The Protein FID is a measure of similarity between sets of protein structures. Formally, it is the Wassertstein-2 distance between Gaussian approximations of two distributions embedded in a latent space. See our preprint for details (https://arxiv.org/abs/2505.08041).
The main application of the FID is to evaluate structures sampled from a generative model. In this case, the generated structures are compared against a reference distribution.
The package was tested with python 3.10 and can be installed from source using pip. Optionally, you can first create a virtual environment, for example with conda,
conda create --name protfid python=3.10
conda activate protfid
Then clone the repository,
git clone git@github.com:ffaltings/protfid.git
navigate to the directory,
cd protfid
and pip install it,
pip install .
Or to install in editable mode, run
pip install -e .
You also need to have access to the ESM3 weights, which we use for computing embeddings. You can request access here: https://huggingface.co/EvolutionaryScale/esm3-sm-open-v1
Once you have access, you need to log in to your huggingface account:
huggingface-cli login
You should only need to login once.
We provide a command line script protfid for computing the fid.
A simple example is:
protfid --pdb_dir examples/esm_test
You can swap out examples/esm_test for any directroy containing .pdb files.

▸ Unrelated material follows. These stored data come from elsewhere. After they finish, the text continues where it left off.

text \<open>
  An n x n matrix over 'v is represented by a function
  nat => nat => 'v vanishing outside the index range {0..<n} x {0..<n}.
\<close>

type_synonym 'v mat = "nat \<Rightarrow> nat \<Rightarrow> 'v"

definition Mat :: "nat \<Rightarrow> 'v::zero mat set" where
  "Mat n = {x. \<forall>i j. (n \<le> i \<or> n \<le> j) \<longrightarrow> x i j = 0}"

definition madd :: "'v::plus mat \<Rightarrow> 'v mat \<Rightarrow> 'v mat" where
  "madd x y = (\<lambda>i j. x i j + y i j)"

definition msub :: "'v::minus mat \<Rightarrow> 'v mat \<Rightarrow> 'v mat" where
  "msub x y = (\<lambda>i j. x i j - y i j)"

definition mneg :: "'v::uminus mat \<Rightarrow> 'v mat" where
  "mneg x = (\<lambda>i j. - x i j)"

definition msmul :: "(complex \<Rightarrow> 'v \<Rightarrow> 'v) \<Rightarrow> complex \<Rightarrow> 'v mat \<Rightarrow> 'v mat" where
  "msmul smul c x = (\<lambda>i j. smul c (x i j))"

definition madj :: "('v \<Rightarrow> 'v) \<Rightarrow> 'v mat \<Rightarrow> 'v mat" where
  "madj star x = (\<lambda>i j. star (x j i))"

definition mherm :: "('v \<Rightarrow> 'v) \<Rightarrow> 'v mat \<Rightarrow> bool" where
  "mherm star x \<longleftrightarrow> madj star x = x"

text \<open>a^* x a for a scalar m x n matrix a and x in M_m(V); result in M_n(V)\<close>
definition mconj :: "(complex \<Rightarrow> 'v::comm_monoid_add \<Rightarrow> 'v) \<Rightarrow> complex mat \<Rightarrow> nat \<Rightarrow> nat
    \<Rightarrow> 'v mat \<Rightarrow> 'v mat" where
  "mconj smul a m n x = (\<lambda>i j. if i < n \<and> j < n
      then (\<Sum>k<m. \<Sum>l<m. smul (cnj (a k i) * a l j) (x k l)) else 0)"

definition mdiag :: "nat \<Rightarrow> 'v::zero \<Rightarrow> 'v mat" where
  "mdiag n v = (\<lambda>i j. if i = j \<and> i < n then v else 0)"

definition m1 :: "'v::zero \<Rightarrow> 'v mat" where
  "m1 v = (\<lambda>i j. if i = 0 \<and> j = 0 then v else 0)"

definition m2 :: "'v::zero \<Rightarrow> 'v \<Rightarrow> 'v \<Rightarrow> 'v \<Rightarrow> 'v mat" where
  "m2 a b c d = (\<lambda>i j. if i = 0 \<and> j = 0 then a else if i = 0 \<and> j = 1 then b
      else if i = 1 \<and> j = 0 then c else if i = 1 \<and> j = 1 then d else 0)"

By default, the script will use the reference set from our paper, which will be downloaded for you the first time you run it. The ESM3 weights will also be downloaded the first time you run it. If you want to use your own reference, you will need to specify a directory containing your reference structures as PDB files and a name
protfid --pdb_dir path/to/pdb_dir --ref_pdb_dir path/to/ref_pdb_dir --reference my_reference
Under the hood this will save the reference embeddings to your cache directory so that they do not need to be recomputed in the future. You can override the default cache directory with the PROTFID_CACHE_DIR environment variable.
The arguments for the command line script are:
| Argument | Description |
|---|---|
reference |
Reference to use. Defaults to esm_train_ref which is the reference used in our paper. This reference will also be automatically downloaded if it is not found in the cache. |
ref_pdb_dir |
Path to directory with PDB files of reference set. |
pdb_dir |
Path to directory with PDB files to be evaluated. |
n_replicates |
Number of replicates to run. Defaults to 1. |
subsample_frac |
Fraction to subsample when computing replicates. Only applies to samples in pdb_dir. Defaults to 0.8. |
overwrite |
Whether to overwrite reference checkpoint. Defaults to False. |
You can also directly use the python API. For example,
from protfid.fid import FID
fid_evaluator = FID()
# compute reference embeddings
fid_evaluator.fit("path/to/ref_pdb_dir")
# or load from a checkpoint
fid_evaluator.load_from_checkpoint("path/to/ref_ckpt.ckpt")
# save to a checkpoint
fid_evaluator.save("path/to/ref_ckpt.ckpt")
# compute the FID
fid = fid_evaluator("path/to/pdb_dir")
If you want to load the default reference used in our paper you can either run the script which will download it to your system's default cache directory, or you can directly download it from here: https://zenodo.org/records/15660186/files/esm_train_ref.ckpt.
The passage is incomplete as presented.